California has an unexpected and welcome revenue windfall, but it creates a dilemma on what to do with it.
(Dan Walters) As Gov. Gavin Newsom makes the final decisions on writing a 2021-22 budget, he’s receiving some good revenue news from his bean counters.
During the first four months of the 2020-21 budget cycle, which began on July 1, state general fund revenues were more than $11 billion higher than the apocalyptic estimates on which the budget was based. Moreover, the windfall could easily double to $26 billion in the first months of 2021, according to the Legislature’s budget analyst, Gabe Petek.
The sharp recession triggered by Newsom’s COVID-19 business shutdowns has been very uneven, striking hard at Californians on the lower rungs of the economic ladder while affecting those on the upper rungs very softly, if at all.
Those on top are able, unlike the working poor, to continue earning from home. Many have also benefited from stock market gains, and they generate most of the state’s income taxes. Hence, the state’s revenues have been far healthier than the 2020-21 budget had assumed.
Whatever its size, the one-time windfall is not an unleavened blessing because Petek also projects that during the years beyond the 2021-22 period, the state faces structural budget deficits — a built-in gap between income and outgo.
Petek said in his report, “although the budget is expected to have a windfall in 2021‑22, it is also expected to have an operating deficit in that year.

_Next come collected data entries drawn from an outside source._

(* Let $H$ be normalised. Then for every integer $j\ge1$, $c^{2j}>\frac1q\mathrm{Tr}\,L^{2j}$.
   Context: Let $q\ge 2$ be an integer and let $(a_n)_{n\in\mathbb Z}$, $(b_n)_{n\in\mathbb Z}$ be real sequences with $a_n>0$, $a_{n+q}=a_n$, $b_{n+q}=b_n$ for all $n$. $H$ is the operator on $\ell^2(\mathbb Z)$ given by $(H\psi)_n=a_{n-1}\psi_{n-1}+b_n\psi_n+a_n\psi_{n+1}$. For $\lambda\in\mathbb C$ let $\phi(\lambda),\theta(\lambda)$ be the solutions of $a_{n-1}\psi_{n-1}+b_n\psi_n+a_n\psi_{n+1}=\lambda\psi_n$ ($n\in\mathbb Z$) with $\phi_0=0,\phi_1=1$ and $\theta_0=1,\theta_1=0$; the discriminant is $D(\lambda)=\phi_{q+1}(\lambda)+\theta_q(\lambda)$. The spectrum of $H$ is $\{\lambda\in\mathbb R:|D(\lambda)|\le 2\}$, with smallest point $\lambda^+_0$ and largest point $\lambda^-_q$; $c=(\lambda^-_q-\lambda^+_0)/2$. $H$ is called normalised if $\lambda^+_0=-\lambda^-_q$. The matrix $L$ is defined by $L=\begin{pmatrix} b_1 & a_1+ia_2\\ a_1-ia_2 & b_2\end{pmatrix}$ if $q=2$, and for $q\ge 3$ by $L_{jj}=b_j$, $L_{j,j+1}=L_{j+1,j}=a_j$ ($1\le j\le q-1$), $L_{1q}=ia_q$, $L_{q1}=-ia_q$, other entries $0$. *)

theory Defs
  imports "HOL-Analysis.Analysis" "Jordan_Normal_Form.Matrix"
begin

definition jacobi_sol :: "(int \<Rightarrow> real) \<Rightarrow> (int \<Rightarrow> real) \<Rightarrow> complex \<Rightarrow> (int \<Rightarrow> complex) \<Rightarrow> bool" where
  "jacobi_sol a b lam psi \<longleftrightarrow>
     (\<forall>n. of_real (a (n - 1)) * psi (n - 1) + of_real (b n) * psi n + of_real (a n) * psi (n + 1)
          = lam * psi n)"

definition jac_phi :: "(int \<Rightarrow> real) \<Rightarrow> (int \<Rightarrow> real) \<Rightarrow> complex \<Rightarrow> int \<Rightarrow> complex" where
  "jac_phi a b lam = (THE psi. jacobi_sol a b lam psi \<and> psi 0 = 0 \<and> psi 1 = 1)"

definition jac_theta :: "(int \<Rightarrow> real) \<Rightarrow> (int \<Rightarrow> real) \<Rightarrow> complex \<Rightarrow> int \<Rightarrow> complex" where
  "jac_theta a b lam = (THE psi. jacobi_sol a b lam psi \<and> psi 0 = 1 \<and> psi 1 = 0)"

definition discr :: "(int \<Rightarrow> real) \<Rightarrow> (int \<Rightarrow> real) \<Rightarrow> nat \<Rightarrow> complex \<Rightarrow> complex" where
  "discr a b q lam = jac_phi a b lam (int q + 1) + jac_theta a b lam (int q)"

definition jac_spectrum :: "(int \<Rightarrow> real) \<Rightarrow> (int \<Rightarrow> real) \<Rightarrow> nat \<Rightarrow> real set" where
  "jac_spectrum a b q = {lam::real. cmod (discr a b q (of_real lam)) \<le> 2}"

definition lam_min :: "(int \<Rightarrow> real) \<Rightarrow> (int \<Rightarrow> real) \<Rightarrow> nat \<Rightarrow> real" where
  "lam_min a b q = Inf (jac_spectrum a b q)"

definition lam_max :: "(int \<Rightarrow> real) \<Rightarrow> (int \<Rightarrow> real) \<Rightarrow> nat \<Rightarrow> real" where
  "lam_max a b q = Sup (jac_spectrum a b q)"

definition jac_c :: "(int \<Rightarrow> real) \<Rightarrow> (int \<Rightarrow> real) \<Rightarrow> nat \<Rightarrow> real" where
  "jac_c a b q = (lam_max a b q - lam_min a b q) / 2"

definition normalised :: "(int \<Rightarrow> real) \<Rightarrow> (int \<Rightarrow> real) \<Rightarrow> nat \<Rightarrow> bool" where
  "normalised a b q \<longleftrightarrow> lam_min a b q = - lam_max a b q"

text \<open>The q x q matrix L (0-indexed: entry (i,k) is the paper's L_{i+1,k+1}).\<close>
definition Lmat :: "(int \<Rightarrow> real) \<Rightarrow> (int \<Rightarrow> real) \<Rightarrow> nat \<Rightarrow> complex mat" where
  "Lmat a b q =
    (if q = 2 then
       mat 2 2 (\<lambda>(i,k).
         if i = 0 \<and> k = 0 then of_real (b 1)
         else if i = 0 \<and> k = 1 then of_real (a 1) + \<i> * of_real (a 2)
         else if i = 1 \<and> k = 0 then of_real (a 1) - \<i> * of_real (a 2)
         else of_real (b 2))
     else
       mat q q (\<lambda>(i,k).
         if i = k then of_real (b (int i + 1))
         else if k = i + 1 then of_real (a (int i + 1))
         else if i = k + 1 then of_real (a (int k + 1))
         else if i = 0 \<and> k = q - 1 then \<i> * of_real (a (int q))
         else if i = q - 1 \<and> k = 0 then - \<i> * of_real (a (int q))
         else 0))"

definition mtrace :: "complex mat \<Rightarrow> complex" where
  "mtrace A = (\<Sum>i<dim_row A. A $$ (i, i))"

end

theory Submission imports Defs "Jordan_Normal_Form.Schur_Decomposition" begin

text \<open>
  Let \<open>\<theta>, \<phi>\<close> be the fundamental solutions. By constancy of the Wronskian the monodromy matrix
  \<open>((\<theta>\<^sub>q, \<phi>\<^sub>q), (\<theta>\<^sub>q\<^sub>+\<^sub>1, \<phi>\<^sub>q\<^sub>+\<^sub>1))\<close> has determinant 1 and trace \<open>D\<close>, so a nonzero solution with
  \<open>\<psi>(n + q) = r \<psi>(n)\<close> exists iff \<open>r\<^sup>2 - D r + 1 = 0\<close>. The matrix \<open>L\<close> is \<open>H\<close> acting on solutions with
  \<open>\<psi>(n + q) = -\<i> \<psi>(n)\<close>, one period of which is a vector in \<open>\<complex>\<^sup>q\<close>; hence every eigenvalue \<open>\<mu>\<close>
  of \<open>L\<close> satisfies \<open>D(\<mu>) = 0\<close>, and \<open>\<mu>\<close> is real because \<open>L\<close> is Hermitian. Continuity of \<open>D\<close> puts
  \<open>\<mu>\<close> strictly inside the spectrum, which for normalised \<open>H\<close> is contained in \<open>[-c, c]\<close> (it is bounded,
  since a unimodular Floquet solution attains its maximal modulus). So \<open>|\<mu>| < c\<close>, and
  \<open>Tr L\<^sup>2\<^sup>j = \<Sum> \<mu>\<^sub>i\<^sup>2\<^sup>j < q c\<^sup>2\<^sup>j\<close> by Schur triangularisation.
\<close>

section \<open>Solutions of the Jacobi recurrence\<close>

fun jacobi_forward :: "(int \<Rightarrow> real) \<Rightarrow> (int \<Rightarrow> real) \<Rightarrow> complex \<Rightarrow> complex \<Rightarrow> complex \<Rightarrow> nat \<Rightarrow> complex" where
  "jacobi_forward a b l x0 x1 0 = x0"
| "jacobi_forward a b l x0 x1 (Suc 0) = x1"
| "jacobi_forward a b l x0 x1 (Suc (Suc k)) =
     ((l - of_real (b (int k + 1))) * jacobi_forward a b l x0 x1 (Suc k)
       - of_real (a (int k)) * jacobi_forward a b l x0 x1 k) / of_real (a (int k + 1))"

lemma jacobi_forward_rec:
  assumes "a (int k + 1) \<noteq> 0"
  shows "of_real (a (int k)) * jacobi_forward a b l x0 x1 k + of_real (b (int k + 1)) * jacobi_forward a b l x0 x1 (Suc k)
           + of_real (a (int k + 1)) * jacobi_forward a b l x0 x1 (Suc (Suc k)) = l * jacobi_forward a b l x0 x1 (Suc k)"
  using assms by (simp add: field_simps)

The operating deficit is relatively small in 2021‑22, but would grow to around $17 billion by 2024‑25.”
Thus, it creates a dilemma for Newsom and the Legislature — whether to use the extra bucks to offset spending cuts and repay loans that were used to close the projected 2020-21 gap, or sock the windfall away to cushion the impact of projected longer-term deficits.
Petek proposed a solomonic solution, appropriating about half of the extra money before the spending cuts fully kick in, and keeping the remainder in the piggy bank.
However, from a purely political standpoint, such a measured approach would be difficult because the pressure to spend is heavy, as Assembly Speaker Anthony Rendon indicated in his reaction to Petek’s report.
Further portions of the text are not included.